== Segment start ==

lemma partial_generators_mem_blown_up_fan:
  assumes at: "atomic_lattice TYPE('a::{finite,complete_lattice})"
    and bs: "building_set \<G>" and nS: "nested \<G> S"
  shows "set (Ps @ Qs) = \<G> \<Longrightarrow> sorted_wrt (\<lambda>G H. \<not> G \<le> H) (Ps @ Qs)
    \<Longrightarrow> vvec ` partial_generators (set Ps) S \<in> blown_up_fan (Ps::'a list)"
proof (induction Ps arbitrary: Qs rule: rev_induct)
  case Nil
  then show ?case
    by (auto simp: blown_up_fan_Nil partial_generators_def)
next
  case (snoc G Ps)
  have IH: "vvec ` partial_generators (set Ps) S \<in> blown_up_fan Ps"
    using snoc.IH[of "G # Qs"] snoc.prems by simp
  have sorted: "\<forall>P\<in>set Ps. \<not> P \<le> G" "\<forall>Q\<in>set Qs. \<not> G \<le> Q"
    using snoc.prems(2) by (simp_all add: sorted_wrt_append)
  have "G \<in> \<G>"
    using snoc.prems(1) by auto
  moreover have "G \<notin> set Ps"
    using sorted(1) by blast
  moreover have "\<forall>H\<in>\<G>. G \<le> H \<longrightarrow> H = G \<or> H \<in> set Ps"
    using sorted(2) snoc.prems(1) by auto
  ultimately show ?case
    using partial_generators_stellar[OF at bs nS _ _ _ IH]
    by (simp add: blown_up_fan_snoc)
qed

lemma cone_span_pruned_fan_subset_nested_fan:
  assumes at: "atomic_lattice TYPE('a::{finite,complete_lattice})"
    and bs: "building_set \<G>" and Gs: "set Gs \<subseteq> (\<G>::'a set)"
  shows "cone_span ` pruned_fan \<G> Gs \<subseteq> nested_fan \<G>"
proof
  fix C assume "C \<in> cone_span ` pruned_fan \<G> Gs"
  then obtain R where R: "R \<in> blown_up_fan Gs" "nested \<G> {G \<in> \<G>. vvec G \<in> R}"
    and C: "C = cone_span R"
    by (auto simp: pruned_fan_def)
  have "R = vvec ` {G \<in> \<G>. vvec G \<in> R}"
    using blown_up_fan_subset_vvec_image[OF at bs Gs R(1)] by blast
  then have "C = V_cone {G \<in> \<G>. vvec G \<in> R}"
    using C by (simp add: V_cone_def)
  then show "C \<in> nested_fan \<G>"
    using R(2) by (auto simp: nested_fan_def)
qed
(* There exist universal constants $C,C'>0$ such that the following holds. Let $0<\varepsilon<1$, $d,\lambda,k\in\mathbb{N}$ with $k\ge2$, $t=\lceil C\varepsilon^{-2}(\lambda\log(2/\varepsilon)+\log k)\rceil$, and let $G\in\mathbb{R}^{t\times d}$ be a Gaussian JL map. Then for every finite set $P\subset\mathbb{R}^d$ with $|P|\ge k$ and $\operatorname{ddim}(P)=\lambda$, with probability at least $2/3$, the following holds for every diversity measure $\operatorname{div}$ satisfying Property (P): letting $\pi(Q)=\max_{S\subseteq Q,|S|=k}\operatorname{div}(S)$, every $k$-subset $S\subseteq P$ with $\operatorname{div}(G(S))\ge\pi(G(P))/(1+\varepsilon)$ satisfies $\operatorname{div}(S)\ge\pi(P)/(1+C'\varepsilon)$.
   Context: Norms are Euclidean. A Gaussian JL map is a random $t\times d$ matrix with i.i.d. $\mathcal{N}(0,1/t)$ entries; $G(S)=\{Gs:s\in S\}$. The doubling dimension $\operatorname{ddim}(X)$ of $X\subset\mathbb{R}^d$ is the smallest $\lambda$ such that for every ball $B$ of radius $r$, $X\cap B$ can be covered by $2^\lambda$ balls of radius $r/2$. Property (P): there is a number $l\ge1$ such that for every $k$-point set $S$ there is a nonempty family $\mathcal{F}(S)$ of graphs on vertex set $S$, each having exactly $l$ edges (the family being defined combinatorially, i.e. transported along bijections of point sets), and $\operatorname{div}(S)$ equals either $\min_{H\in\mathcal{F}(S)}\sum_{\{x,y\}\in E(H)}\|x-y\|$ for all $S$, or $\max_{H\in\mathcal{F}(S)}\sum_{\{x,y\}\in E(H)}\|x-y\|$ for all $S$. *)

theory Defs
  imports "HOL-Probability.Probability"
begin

== Segment end ==

:: What to do ::
Go through the material and report each line that holds the string "auto".

:: Response to the task ::
    by (auto simp: blown_up_fan_Nil partial_generators_def)
    using snoc.prems(1) by auto
    using sorted(2) snoc.prems(1) by auto
    by (auto simp: pruned_fan_def)
    using R(2) by (auto simp: nested_fan_def)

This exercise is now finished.